• **Entries taken from a collection**:

(* In the setting described in the context, for every $\varepsilon>0$ and every $\delta\in(0,\eta]$, $$\|\nabla\varphi_j\|_{L^2(D_\delta)}^2\le\lambda_j(\varepsilon,\delta)\,\varepsilon\qquad\text{for all } j\ge1,$$ where $(\lambda_j,\varphi_j)$ are the eigenpairs defined in the context (for the given $\varepsilon,\delta$).
   Context: Let $\Omega\subset\mathbb{R}^d$ be a bounded connected Lipschitz domain; $\langle\cdot,\cdot\rangle$ and $\|\cdot\|$ denote the $L^2(\Omega)$ inner product and norm, $|\cdot|$ the Euclidean norm, $\mathcal{H}^{d-1}$ the $(d-1)$-dimensional Hausdorff measure. Weight: for each $\varepsilon>0$, $\hat\mu_\varepsilon:[0,\infty)\to\mathbb{R}$ is non-increasing with $\hat\mu_\varepsilon(0)=\varepsilon^{-1}$, $\hat\mu_\varepsilon(t)>0$ and $t\hat\mu_\varepsilon(t)\le1$ for all $t\ge0$; for $w$ with $\nabla w\in L^\infty(\Omega)$ put $\mu_\varepsilon[w](x)=\hat\mu_\varepsilon(|\nabla w(x)|)$. Medium: $u=u^0+\widetilde u$ with $u^0=\sum_{m=1}^M\hat u^{0,m}\chi^{0,m}$, where $\hat u^{0,m}\in\mathbb{R}$ and $\chi^{0,m}$ is the characteristic function of $A^{0,m}$, the $A^{0,m}$ being mutually disjoint connected open sets with $\overline\Omega\subset\overline{\bigcup_m A^{0,m}}$ and $\mathcal{H}^{d-1}(\partial A^{0,m}\cap\partial\Omega)>0$; and $\widetilde u=\sum_{k=1}^K\hat u^k\chi^k$ with $\hat u^k\neq0$, $\chi^k$ the characteristic function of a connected open set $A^k$ compactly contained in $\Omega\setminus S$, where $S=(\bigcup_m\partial A^{0,m})\setminus\partial\Omega$; the boundaries $\partial A^1,\dots,\partial A^K$ are mutually disjoint. For $\delta>0$: $S_\delta=\{x\in\Omega:\operatorname{dist}(x,S)<\delta\}$, $U^k_\delta=\{x\in\Omega:\operatorname{dist}(x,\partial A^k)<\delta\}$, $U_\delta=\bigcup_{k=1}^K U^k_\delta$, $D_\delta=\Omega\setminus\overline{U_\delta\cup S_\delta}$, $A^k_\delta=(\Omega\setminus\overline{U^k_\delta})\cap A^k$, $A_\delta=\bigcup_k A^k_\delta$. Approximation: $\mathcal{V}^\delta\subset H^1(\Omega)$ is a closed subspace, $\mathcal{V}^\delta_0=\mathcal{V}^\delta\cap H^1_0(\Omega)$; $\chi^{0,m}_\delta\in\mathcal{V}^\delta$ and $\chi^k_\delta\in\mathcal{V}^\delta_0$ converge in $L^2(\Omega)$ to $\chi^{0,m}$, $\chi^k$ as $\delta\to0$; $u^0_\delta=\sum_m\hat u^{0,m}\chi^{0,m}_\delta$, $\widetilde u_\delta=\sum_k\hat u^k\chi^k_\delta$, $u_\delta=u^0_\delta+\widetilde u_\delta$. Standing assumptions: $\eta>0$ is such that $A^k_\eta\neq\emptyset$ for all $k$, $\overline{S_\eta}\cap\overline{U_\eta}=\emptyset$, $\overline{U^k_\eta}\cap\overline{U^j_\eta}=\emptyset$ for $k\ne j$, and every connected component $E$ of $D_\eta\setminus A_\eta$ satisfies $\mathcal{H}^{d-1}(\partial E\cap\partial\Omega)>0$. For all $\delta\in(0,\eta]$: $\nabla\chi^{0,m}_\delta\in L^\infty(\Omega)$ with $\operatorname{supp}\nabla\chi^{0,m}_\delta\subset\overline{S_\delta}$, and $\nabla\chi^k_\delta\in L^\infty(\Omega)$ with $\operatorname{supp}\nabla\chi^k_\delta\subset\overline{U^k_\delta}$. Eigenproblem: $B[v,w]=\langle\mu_\varepsilon[u_\delta]\nabla v,\nabla w\rangle$. A real $\lambda$ is an eigenvalue if there is $0\ne\varphi\in\mathcal{V}^\delta_0$ with $B[\varphi,v]=\lambda\langle\varphi,v\rangle$ for all $v\in\mathcal{V}^\delta_0$. $(\lambda_j)_{j\ge1}=(\lambda_j(\varepsilon,\delta))$ is the nondecreasing sequence of eigenvalues repeated according to multiplicity, and $(\varphi_j)_{j\ge1}$ is a corresponding basis of eigenfunctions of $\mathcal{V}^\delta_0$, orthonormal in $L^2(\Omega)$. *)

theory Defs
  imports "HOL-Analysis.Analysis"
begin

• **Assignment**: Please repeat each entry exactly as written.

• **Your solution**:
(* In the setting described in the context, for every $\varepsilon>0$ and every $\delta\in(0,\eta]$, $$\|\nabla\varphi_j\|_{L^2(D_\delta)}^2\le\lambda_j(\varepsilon,\delta)\,\varepsilon\qquad\text{for all } j\ge1,$$ where $(\lambda_j,\varphi_j)$ are the eigenpairs defined in the context (for the given $\varepsilon,\delta$).
   Context: Let $\Omega\subset\mathbb{R}^d$ be a bounded connected Lipschitz domain; $\langle\cdot,\cdot\rangle$ and $\|\cdot\|$ denote the $L^2(\Omega)$ inner product and norm, $|\cdot|$ the Euclidean norm, $\mathcal{H}^{d-1}$ the $(d-1)$-dimensional Hausdorff measure. Weight: for each $\varepsilon>0$, $\hat\mu_\varepsilon:[0,\infty)\to\mathbb{R}$ is non-increasing with $\hat\mu_\varepsilon(0)=\varepsilon^{-1}$, $\hat\mu_\varepsilon(t)>0$ and $t\hat\mu_\varepsilon(t)\le1$ for all $t\ge0$; for $w$ with $\nabla w\in L^\infty(\Omega)$ put $\mu_\varepsilon[w](x)=\hat\mu_\varepsilon(|\nabla w(x)|)$. Medium: $u=u^0+\widetilde u$ with $u^0=\sum_{m=1}^M\hat u^{0,m}\chi^{0,m}$, where $\hat u^{0,m}\in\mathbb{R}$ and $\chi^{0,m}$ is the characteristic function of $A^{0,m}$, the $A^{0,m}$ being mutually disjoint connected open sets with $\overline\Omega\subset\overline{\bigcup_m A^{0,m}}$ and $\mathcal{H}^{d-1}(\partial A^{0,m}\cap\partial\Omega)>0$; and $\widetilde u=\sum_{k=1}^K\hat u^k\chi^k$ with $\hat u^k\neq0$, $\chi^k$ the characteristic function of a connected open set $A^k$ compactly contained in $\Omega\setminus S$, where $S=(\bigcup_m\partial A^{0,m})\setminus\partial\Omega$; the boundaries $\partial A^1,\dots,\partial A^K$ are mutually disjoint. For $\delta>0$: $S_\delta=\{x\in\Omega:\operatorname{dist}(x,S)<\delta\}$, $U^k_\delta=\{x\in\Omega:\operatorname{dist}(x,\partial A^k)<\delta\}$, $U_\delta=\bigcup_{k=1}^K U^k_\delta$, $D_\delta=\Omega\setminus\overline{U_\delta\cup S_\delta}$, $A^k_\delta=(\Omega\setminus\overline{U^k_\delta})\cap A^k$, $A_\delta=\bigcup_k A^k_\delta$. Approximation: $\mathcal{V}^\delta\subset H^1(\Omega)$ is a closed subspace, $\mathcal{V}^\delta_0=\mathcal{V}^\delta\cap H^1_0(\Omega)$; $\chi^{0,m}_\delta\in\mathcal{V}^\delta$ and $\chi^k_\delta\in\mathcal{V}^\delta_0$ converge in $L^2(\Omega)$ to $\chi^{0,m}$, $\chi^k$ as $\delta\to0$; $u^0_\delta=\sum_m\hat u^{0,m}\chi^{0,m}_\delta$, $\widetilde u_\delta=\sum_k\hat u^k\chi^k_\delta$, $u_\delta=u^0_\delta+\widetilde u_\delta$. Standing assumptions: $\eta>0$ is such that $A^k_\eta\neq\emptyset$ for all $k$, $\overline{S_\eta}\cap\overline{U_\eta}=\emptyset$, $\overline{U^k_\eta}\cap\overline{U^j_\eta}=\emptyset$ for $k\ne j$, and every connected component $E$ of $D_\eta\setminus A_\eta$ satisfies $\mathcal{H}^{d-1}(\partial E\cap\partial\Omega)>0$. For all $\delta\in(0,\eta]$: $\nabla\chi^{0,m}_\delta\in L^\infty(\Omega)$ with $\operatorname{supp}\nabla\chi^{0,m}_\delta\subset\overline{S_\delta}$, and $\nabla\chi^k_\delta\in L^\infty(\Omega)$ with $\operatorname{supp}\nabla\chi^k_\delta\subset\overline{U^k_\delta}$. Eigenproblem: $B[v,w]=\langle\mu_\varepsilon[u_\delta]\nabla v,\nabla w\rangle$. A real $\lambda$ is an eigenvalue if there is $0\ne\varphi\in\mathcal{V}^\delta_0$ with $B[\varphi,v]=\lambda\langle\varphi,v\rangle$ for all $v\in\mathcal{V}^\delta_0$. $(\lambda_j)_{j\ge1}=(\lambda_j(\varepsilon,\delta))$ is the nondecreasing sequence of eigenvalues repeated according to multiplicity, and $(\varphi_j)_{j\ge1}$ is a corresponding basis of eigenfunctions of $\mathcal{V}^\delta_0$, orthonormal in $L^2(\Omega)$. *)

theory Defs
  imports "HOL-Analysis.Analysis"
begin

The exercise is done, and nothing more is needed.